### [Assigned task]
Would you please transcribe, exactly as written, the lines of the entries below starting at the one that holds "by (rule matrix_inv_unique_right)" and ending at the one that holds "(Y ** matrix_inv", both included?

Records contained in a dataset:
++++++++++
lemma cinner_scaleR_right: "cinner x (c *\<^sub>R z) = of_real c * cinner x z"
  unfolding cinner_def vector_scaleR_component by (simp add: scaleR_conv_of_real sum_distrib_left mult_ac)

lemma cinner_commute: "cinner y x = cnj (cinner x y)"
  by (simp add: cinner_def mult.commute)

lemma cinner_zero_left [simp]: "cinner 0 x = 0"
  by (simp add: cinner_def)

lemma norm_cinner_le: "cmod (cinner x y) \<le> norm x * norm y"
proof -
  have "cmod (cinner x y) \<le> (\<Sum>i\<in>UNIV. cmod (x$i) * cmod (y$i))"
    unfolding cinner_def by (rule order_trans[OF norm_sum]) (simp add: norm_mult)
  also have "\<dots> \<le> L2_set (\<lambda>i. cmod (x$i)) UNIV * L2_set (\<lambda>i. cmod (y$i)) UNIV"
    using L2_set_mult_ineq[of "\<lambda>i. cmod (x$i)" "\<lambda>i. cmod (y$i)" UNIV] by simp
  finally show ?thesis by (simp add: norm_vec_def)
qed

lemma cinner_adjoint: "cinner (M *v x) y = cinner x (adjoint_mat M *v y)"
proof -
  have "cinner (M *v x) y = (\<Sum>i\<in>UNIV. \<Sum>j\<in>UNIV. M$i$j * x$j * cnj (y$i))"
    unfolding cinner_def matrix_vector_mult_def by (simp add: sum_distrib_right)
  also have "\<dots> = (\<Sum>j\<in>UNIV. \<Sum>i\<in>UNIV. M$i$j * x$j * cnj (y$i))"
    by (rule sum.swap)
  also have "\<dots> = cinner x (adjoint_mat M *v y)"
    unfolding cinner_def matrix_vector_mult_def adjoint_mat_def
    by (simp add: sum_distrib_left mult_ac)
  finally show ?thesis .
qed

lemma matrix_vector_mult_scaleR_right:
  fixes M :: "'a::real_algebra_1^'n^'m"
  shows "M *v (c *\<^sub>R x) = c *\<^sub>R (M *v x)"
  by (simp add: vec_eq_iff matrix_vector_mult_def scaleR_sum_right)

lemma matrix_vector_mult_scaleR_left:
  fixes M :: "'a::real_algebra_1^'n^'m"
  shows "(c *\<^sub>R M) *v x = c *\<^sub>R (M *v x)"
  by (simp add: vec_eq_iff matrix_vector_mult_def scaleR_sum_right)

lemma adjoint_mat_add: "adjoint_mat (X + Y) = adjoint_mat X + adjoint_mat Y"
  by (simp add: adjoint_mat_def vec_eq_iff)

lemma adjoint_mat_scaleR: "adjoint_mat (c *\<^sub>R X) = c *\<^sub>R adjoint_mat X"
  by (simp add: adjoint_mat_def vec_eq_iff)

lemma hermitian_ReM: "hermitian_mat (ReM M)"
  unfolding hermitian_mat_def ReM_def adjoint_mat_scaleR adjoint_mat_add
  by (simp add: adjoint_mat_def add.commute vec_eq_iff)

lemma Re_cinner_ReM: "Re (cinner (ReM M *v x) x) = Re (cinner (M *v x) x)"
proof -
  have "Re (cinner (adjoint_mat M *v x) x) = Re (cinner (M *v x) x)"
    by (metis cinner_adjoint cinner_commute cnj.simps(1))
  then show ?thesis
    by (simp add: ReM_def matrix_vector_mult_scaleR_left matrix_vector_mult_add_rdistrib
        cinner_scaleR_left cinner_add_left)
qed

section \<open>Matrix inverses\<close>

lemma matrix_add_rdistrib: "((A::'a::semiring_1^'n^'m) + B) ** C = A ** C + B ** C"
  by (vector matrix_matrix_mult_def sum.distrib[symmetric] field_simps)

lemma matrix_diff_ldistrib: "(A::'a::ring_1^'n^'m) ** (B - C) = A ** B - A ** C"
  by (vector matrix_matrix_mult_def sum_subtractf[symmetric] field_simps)

lemma matrix_diff_rdistrib: "((A::'a::ring_1^'n^'m) - B) ** C = A ** C - B ** C"
  by (vector matrix_matrix_mult_def sum_subtractf[symmetric] field_simps)

lemma matrix_mul_scaleR_left: "(k *\<^sub>R A) ** B = k *\<^sub>R (A ** (B::'a::real_algebra_1^'n^'m))"
  by (simp add: scalar_matrix_assoc)

lemma matrix_mul_scaleR_right: "A ** (k *\<^sub>R B) = k *\<^sub>R (A ** (B::'a::real_algebra_1^'n^'m))"
  by (simp add: matrix_scalar_ac scalar_matrix_assoc)

lemmas matrix_ring_simps = matrix_add_ldistrib matrix_add_rdistrib matrix_diff_ldistrib
  matrix_diff_rdistrib matrix_mul_scaleR_left matrix_mul_scaleR_right matrix_mul_assoc

lemma matrix_inv_right:
  fixes M :: "'a::field^'n^'n"
  assumes "invertible M" shows "M ** matrix_inv M = mat 1"
  using assms unfolding invertible_def matrix_inv_def by (rule someI_ex[THEN conjunct1])

lemma matrix_inv_left:
  fixes M :: "'a::field^'n^'n"
  assumes "invertible M" shows "matrix_inv M ** M = mat 1"
  using assms unfolding invertible_def matrix_inv_def by (rule someI_ex[THEN conjunct2])

lemma matrix_inv_unique_right:
  fixes M :: "'a::field^'n^'n"
  assumes "M ** X = mat 1" shows "matrix_inv M = X"
proof -
  have inv: "invertible M" using assms invertible_right_inverse by blast
  have "matrix_inv M = matrix_inv M ** (M ** X)" using assms by simp
  also have "\<dots> = X" by (simp add: matrix_mul_assoc matrix_inv_left[OF inv])
  finally show ?thesis .
qed

lemma matrix_inv_unique_left:
  fixes M :: "'a::field^'n^'n"
  assumes "X ** M = mat 1" shows "matrix_inv M = X"
  using assms matrix_inv_unique_right matrix_left_right_inverse by blast

lemma matrix_inv_matrix_inv:
  fixes M :: "'a::field^'n^'n"
  assumes "invertible M" shows "matrix_inv (matrix_inv M) = M"
  by (rule matrix_inv_unique_right) (rule matrix_inv_left[OF assms])

lemma matrix_inv_scaleR_of_left_inverse:
  fixes M X :: "'a::real_field^'n^'n"
  assumes "X ** M = mat 1" "c \<noteq> 0"
  shows "matrix_inv (c *\<^sub>R M) = inverse c *\<^sub>R X"
  by (rule matrix_inv_unique_left) (use assms in \<open>simp add: matrix_ring_simps\<close>)

lemma matrix_inv_diff:
  fixes X Y :: "'a::field^'n^'n"
  assumes "invertible X" "invertible Y"
  shows "matrix_inv X - matrix_inv Y = matrix_inv X ** (Y - X) ** matrix_inv Y"
proof -
  have "matrix_inv X ** (Y - X) ** matrix_inv Y
      = matrix_inv X ** (Y ** matrix_inv Y) - (matrix_inv X ** X) ** matrix_inv Y"
    by (simp only: matrix_diff_ldistrib matrix_diff_rdistrib matrix_mul_assoc)
  also have "\<dots> = matrix_inv X - matrix_inv Y"
    by (simp only: matrix_inv_right[OF assms(2)] matrix_inv_left[OF assms(1)]
        matrix_mul_rid matrix_mul_lid)
  finally show ?thesis by (rule sym)
qed

lemma left_inverse_of_sum:
  fixes A B P Q :: "'a::field^'n^'n"
  assumes PA: "P ** A = mat 1" and QB: "Q ** B = mat 1" and "invertible (P + Q)"
  shows "(Q ** matrix_inv (P + Q) ** P) ** (A + B) = mat 1"
proof -
  let ?S = "matrix_inv (P + Q)"
  have "Q ** ?S ** P ** (A + B) = Q ** ?S ** (P ** A) + Q ** ?S ** P ** B"
    by (simp add: matrix_add_ldistrib matrix_mul_assoc)
  also have "\<dots> = Q ** ?S ** (Q ** B) + Q ** ?S ** P ** B"
    by (simp add: PA QB)
  also have "\<dots> = Q ** (?S ** (P + Q)) ** B"
    by (simp add: matrix_add_ldistrib matrix_add_rdistrib matrix_mul_assoc add.commute)
  also have "\<dots> = mat 1"
    by (simp add: matrix_inv_left[OF assms(3)] QB)
  finally show ?thesis .
qed

lemma sandwich_inverse_sum:
  fixes P Q S :: "'a::real_field^'n^'n"
  assumes ST: "S ** (P + Q) = mat 1" and TS: "(P + Q) ** S = mat 1"
  shows "(u *\<^sub>R P + Q) ** S ** (P + u *\<^sub>R Q) = u *\<^sub>R (P + Q) + (1 - u)\<^sup>2 *\<^sub>R (Q ** S ** P)"
proof -
  have QSP: "Q ** S ** P = Q - Q ** S ** Q"
    using arg_cong[OF ST, of "\<lambda>M. Q ** M"] by (simp add: matrix_ring_simps algebra_simps)
  have PSQ: "P ** S ** Q = Q - Q ** S ** Q"
    using arg_cong[OF TS, of "\<lambda>M. M ** Q"] by (simp add: matrix_ring_simps algebra_simps)
  have PSP: "P ** S ** P = P - Q ** S ** P"
    using arg_cong[OF TS, of "\<lambda>M. M ** P"] by (simp add: matrix_ring_simps algebra_simps)
  show ?thesis
    by (simp add: matrix_ring_simps PSP PSQ QSP algebra_simps power2_eq_square)
      (simp add: vec_eq_iff scaleR_conv_of_real algebra_simps)
qed

lemma sum_of_inverse_pencils:
  fixes P Q R\<^sub>1 R\<^sub>2 :: "'a::real_field^'n^'n"
  assumes R1: "R\<^sub>1 ** (P + u *\<^sub>R Q) = mat 1" and R2: "(u *\<^sub>R P + Q) ** R\<^sub>2 = mat 1"
  shows "R\<^sub>1 + R\<^sub>2 = (1 + u) *\<^sub>R (R\<^sub>1 ** (P + Q) ** R\<^sub>2)"
proof -
  have "(1 + u) *\<^sub>R (R\<^sub>1 ** (P + Q) ** R\<^sub>2) = R\<^sub>1 ** ((u *\<^sub>R P + Q) ** R\<^sub>2) + R\<^sub>1 ** (P + u *\<^sub>R Q) ** R\<^sub>2"
    by (simp add: matrix_ring_simps algebra_simps)
  also have "\<dots> = R\<^sub>1 + R\<^sub>2" by (simp add: R1 R2)
  finally show ?thesis ..
qed

text \<open>With \<open>S = (P + Q)\<^sup>-\<^sup>1\<close>: \<open>(A + B)\<^sup>-\<^sup>1 = QSP\<close>, and for \<open>t = 4u/(1-u)\<^sup>2\<close> the matrix
  \<open>2QSP + t (P + Q)/2\<close> equals \<open>2/(1-u)\<^sup>2 \<cdot> (uP + Q) S (P + uQ)\<close>, whose inverse is a multiple of
  \<open>(P + uQ)\<^sup>-\<^sup>1 (P + Q) (uP + Q)\<^sup>-\<^sup>1\<close>, i.e. of \<open>(P + uQ)\<^sup>-\<^sup>1 + (uP + Q)\<^sup>-\<^sup>1\<close>.\<close>

lemma matrix_inv_arith_harm_pencil:
  fixes A B P Q :: "'a::real_field^'n^'n"
  assumes PA: "P ** A = mat 1" and QB: "Q ** B = mat 1" and "invertible (P + Q)"
    and inv1: "invertible (P + u *\<^sub>R Q)" and inv2: "invertible (u *\<^sub>R P + Q)"
    and u: "0 < u" "u < 1"
  shows "matrix_inv (matrix_inv ((A + B) /\<^sub>R 2) + (4 * u / (1 - u)\<^sup>2) *\<^sub>R ((P + Q) /\<^sub>R 2))
    = ((1 - u)\<^sup>2 / (2 * (1 + u))) *\<^sub>R (matrix_inv (P + u *\<^sub>R Q) + matrix_inv (u *\<^sub>R P + Q))"
proof -
  define S where "S = matrix_inv (P + Q)"
  define R\<^sub>1 where "R\<^sub>1 = matrix_inv (P + u *\<^sub>R Q)"
  define R\<^sub>2 where "R\<^sub>2 = matrix_inv (u *\<^sub>R P + Q)"
  have ST: "S ** (P + Q) = mat 1" and TS: "(P + Q) ** S = mat 1"
    unfolding S_def using assms(3) by (simp_all add: matrix_inv_left matrix_inv_right)
  have "matrix_inv ((A + B) /\<^sub>R 2) = 2 *\<^sub>R (Q ** S ** P)"
    unfolding S_def using matrix_inv_scaleR_of_left_inverse[OF left_inverse_of_sum[OF PA QB assms(3)]]
    by simp
  then have sum: "matrix_inv ((A + B) /\<^sub>R 2) + (4 * u / (1 - u)\<^sup>2) *\<^sub>R ((P + Q) /\<^sub>R 2)
      = (2 / (1 - u)\<^sup>2) *\<^sub>R ((u *\<^sub>R P + Q) ** S ** (P + u *\<^sub>R Q))"
    using u unfolding sandwich_inverse_sum[OF ST TS] by (simp add: algebra_simps)
  have "(R\<^sub>1 ** (P + Q) ** R\<^sub>2) ** ((u *\<^sub>R P + Q) ** S ** (P + u *\<^sub>R Q))
      = R\<^sub>1 ** (P + Q) ** (R\<^sub>2 ** (u *\<^sub>R P + Q)) ** S ** (P + u *\<^sub>R Q)"
    by (simp add: matrix_mul_assoc)
  also have "\<dots> = mat 1"
    using inv1 inv2 TS unfolding R\<^sub>1_def R\<^sub>2_def
    by (simp add: matrix_inv_left flip: matrix_mul_assoc)
  finally have "matrix_inv ((2 / (1 - u)\<^sup>2) *\<^sub>R ((u *\<^sub>R P + Q) ** S ** (P + u *\<^sub>R Q)))
      = ((1 - u)\<^sup>2 / 2) *\<^sub>R (R\<^sub>1 ** (P + Q) ** R\<^sub>2)"
    using u by (subst matrix_inv_scaleR_of_left_inverse) auto
  also have "\<dots> = ((1 - u)\<^sup>2 / (2 * (1 + u))) *\<^sub>R (R\<^sub>1 + R\<^sub>2)"
  proof -
    have "R\<^sub>1 + R\<^sub>2 = (1 + u) *\<^sub>R (R\<^sub>1 ** (P + Q) ** R\<^sub>2)"
      by (rule sum_of_inverse_pencils)
        (simp_all add: R\<^sub>1_def R\<^sub>2_def matrix_inv_left[OF inv1] matrix_inv_right[OF inv2])
    then have "((1 - u)\<^sup>2 / (2 * (1 + u))) *\<^sub>R (R\<^sub>1 + R\<^sub>2)
        = ((1 - u)\<^sup>2 / (2 * (1 + u)) * (1 + u)) *\<^sub>R (R\<^sub>1 ** (P + Q) ** R\<^sub>2)"
      by simp
    moreover have "(1 - u)\<^sup>2 / (2 * (1 + u)) * (1 + u) = (1 - u)\<^sup>2 / 2"
      using u by (simp add: field_simps)
    ultimately show ?thesis by simp
  qed
  finally show ?thesis unfolding sum R\<^sub>1_def R\<^sub>2_def .
qed

section \<open>Accretive matrices and the pencil P + tQ\<close>

lemma accretive_iff: "accretive M \<longleftrightarrow> (\<forall>x. x \<noteq> 0 \<longrightarrow> 0 < Re (cinner (M *v x) x))"
  unfolding accretive_def pos_def_def using hermitian_ReM Re_cinner_ReM by metis

lemma accretiveD: "accretive M \<Longrightarrow> x \<noteq> 0 \<Longrightarrow> 0 < Re (cinner (M *v x) x)"
  by (simp add: accretive_iff)

lemma accretive_Re_cinner_nonneg: "accretive M \<Longrightarrow> 0 \<le> Re (cinner (M *v x) x)"
  by (cases "x = 0") (auto dest: accretiveD[of M x])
++++++++++
### [Task solution]
  by (rule matrix_inv_unique_right) (rule matrix_inv_left[OF assms])

lemma matrix_inv_scaleR_of_left_inverse:
  fixes M X :: "'a::real_field^'n^'n"
  assumes "X ** M = mat 1" "c \<noteq> 0"
  shows "matrix_inv (c *\<^sub>R M) = inverse c *\<^sub>R X"
  by (rule matrix_inv_unique_left) (use assms in \<open>simp add: matrix_ring_simps\<close>)

lemma matrix_inv_diff:
  fixes X Y :: "'a::field^'n^'n"
  assumes "invertible X" "invertible Y"
  shows "matrix_inv X - matrix_inv Y = matrix_inv X ** (Y - X) ** matrix_inv Y"
proof -
  have "matrix_inv X ** (Y - X) ** matrix_inv Y
      = matrix_inv X ** (Y ** matrix_inv Y) - (matrix_inv X ** X) ** matrix_inv Y"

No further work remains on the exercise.